**WHAT THE TASK REQUIRES**
Write out, character for character, the line containing "p nv a l in" and all lines after it up to the end of the listing.

**AVAILABLE DATA**
(* Let $\lambda\in\Lambda$. (1) Let $m\ge1$ and $z_0,z_1\in\mathbb C_p$ with $|z_0|=|z_1|=\rho_m$ and $|z_0-z_1|\le S$. Then $|Q_\lambda(z_0)-Q_\lambda(z_1)|\le\rho_{m-1}|z_0-z_1|$. (2) If $z_0,z_1\in\{z:|z-1|<1\}$, then $|Q_\lambda(z_0)-Q_\lambda(z_1)|=p\,|z_0-z_1|$.
   Context: Let $p$ be a prime, $\mathbb C_p$ with $p$-adic absolute value, $|p|=1/p$. $\Lambda=\{\lambda\in\mathbb C_p:|\lambda-1|<1\}$, $P_\lambda(z)=\frac{\lambda}{p}z^p+\left(1-\frac{\lambda}{p}\right)z^{p+1}$, $\rho=p^{-1/(p-1)}$; $S>0$ is defined by $pS^{p-1}=\rho$; the sequence $(\rho_n)_{n\ge0}$ is defined by $\rho_0=1$ and $p\rho_n^p=\rho_{n-1}$ for $n\ge1$. Fix $\hat r\in|\mathbb C_p^*|$, $\hat r>1$, $B=\{z:|z|\le\hat r\}$; $\mathcal H(B)$ is the ring of power series $\sum a_iz^i$ convergent on $B$ with norm $\|f\|_B=\sup_i|a_i|\hat r^{\,i}$. Fix $Q\in\mathcal H(B)$ with $\|Q\|_B<\rho$, $Q^*_\lambda=P_\lambda+Q$, and let $h(\lambda)$ be the unique fixed point of $Q^*_\lambda$ in $\{z:|z-1|\le|Q(1)|/p\}$. Define $Q_\lambda(z)=P_\lambda(z+h(\lambda)-1)+Q(z+h(\lambda)-1)+1-h(\lambda)$ for $z\in B$. *)

theory Defs
  imports "HOL-Analysis.Analysis" "HOL-Computational_Algebra.Polynomial"
begin

text \<open>These properties characterise C_p up to isometric
  isomorphism (C_p is the completion of the algebraic closure of Q_p).\<close>
definition is_Cp :: "nat \<Rightarrow> ('a::field_char_0 \<Rightarrow> real) \<Rightarrow> bool" where
  "is_Cp p nv \<longleftrightarrow>
     (\<forall>x. nv x \<ge> 0) \<and> (\<forall>x. nv x = 0 \<longleftrightarrow> x = 0) \<and>
     (\<forall>x y. nv (x * y) = nv x * nv y) \<and>
     (\<forall>x y. nv (x + y) \<le> max (nv x) (nv y)) \<and>
     nv (of_nat p) = 1 / real p \<and>
     (\<forall>X::nat \<Rightarrow> 'a. (\<forall>e>0. \<exists>N. \<forall>m\<ge>N. \<forall>n\<ge>N. nv (X m - X n) < e) \<longrightarrow>
        (\<exists>L. (\<lambda>n. nv (X n - L)) \<longlonglongrightarrow> 0)) \<and>
     (\<forall>q::'a poly. degree q > 0 \<longrightarrow> (\<exists>z. poly q z = 0)) \<and>
     (\<forall>x e. e > 0 \<longrightarrow> (\<exists>y. (\<exists>q::rat poly. q \<noteq> 0 \<and> poly (map_poly of_rat q) y = 0)
                              \<and> nv (x - y) < e))"

definition nv_sums :: "('a::field \<Rightarrow> real) \<Rightarrow> (nat \<Rightarrow> 'a) \<Rightarrow> 'a \<Rightarrow> bool" where
  "nv_sums nv f s \<longleftrightarrow> (\<lambda>n. nv ((\<Sum>i<n. f i) - s)) \<longlonglongrightarrow> 0"

definition pseries :: "('a::field \<Rightarrow> real) \<Rightarrow> (nat \<Rightarrow> 'a) \<Rightarrow> 'a \<Rightarrow> 'a" where
  "pseries nv a z = (THE s. nv_sums nv (\<lambda>i. a i * z ^ i) s)"

text \<open>a lies in H(B), B the closed disc of radius r: the series converges on B,
  i.e. |a_i| r^i tends to 0 (non-archimedean setting).\<close>
definition in_HB :: "('a::field \<Rightarrow> real) \<Rightarrow> real \<Rightarrow> (nat \<Rightarrow> 'a) \<Rightarrow> bool" where
  "in_HB nv r a \<longleftrightarrow> (\<lambda>i. nv (a i) * r ^ i) \<longlonglongrightarrow> 0"

definition normB :: "('a::field \<Rightarrow> real) \<Rightarrow> real \<Rightarrow> (nat \<Rightarrow> 'a) \<Rightarrow> real" where
  "normB nv r a = (SUP i. nv (a i) * r ^ i)"

definition Pl :: "nat \<Rightarrow> 'a::field \<Rightarrow> 'a \<Rightarrow> 'a" where
  "Pl p l z = (l / of_nat p) * z ^ p + (1 - l / of_nat p) * z ^ (p + 1)"

definition rho :: "nat \<Rightarrow> real" where
  "rho p = real p powr (- 1 / (real p - 1))"

text \<open>S > 0 with p S^(p-1) = rho.\<close>
definition Sc :: "nat \<Rightarrow> real" where
  "Sc p = (rho p / real p) powr (1 / (real p - 1))"

text \<open>rho_0 = 1, p rho_n^p = rho_(n-1).\<close>
fun rhon :: "nat \<Rightarrow> nat \<Rightarrow> real" where
  "rhon p 0 = 1"
| "rhon p (Suc n) = (rhon p n / real p) powr (1 / real p)"

definition hfix :: "nat \<Rightarrow> ('a::field \<Rightarrow> real) \<Rightarrow> (nat \<Rightarrow> 'a) \<Rightarrow> 'a \<Rightarrow> 'a" where
  "hfix p nv a l = (THE z. nv (z - 1) \<le> nv (pseries nv a 1) / real p \<and>
                          Pl p l z + pseries nv a z = z)"

definition Qlam :: "nat \<Rightarrow> ('a::field \<Rightarrow> real) \<Rightarrow> (nat \<Rightarrow> 'a) \<Rightarrow> 'a \<Rightarrow> 'a \<Rightarrow> 'a" where
  "Qlam p nv a l z = (let h = hfix p nv a l in
      Pl p l (z + h - 1) + pseries nv a (z + h - 1) + 1 - h)"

**FINAL ANSWER**
  "Qlam p nv a l z = (let h = hfix p nv a l in
      Pl p l (z + h - 1) + pseries nv a (z + h - 1) + 1 - h)"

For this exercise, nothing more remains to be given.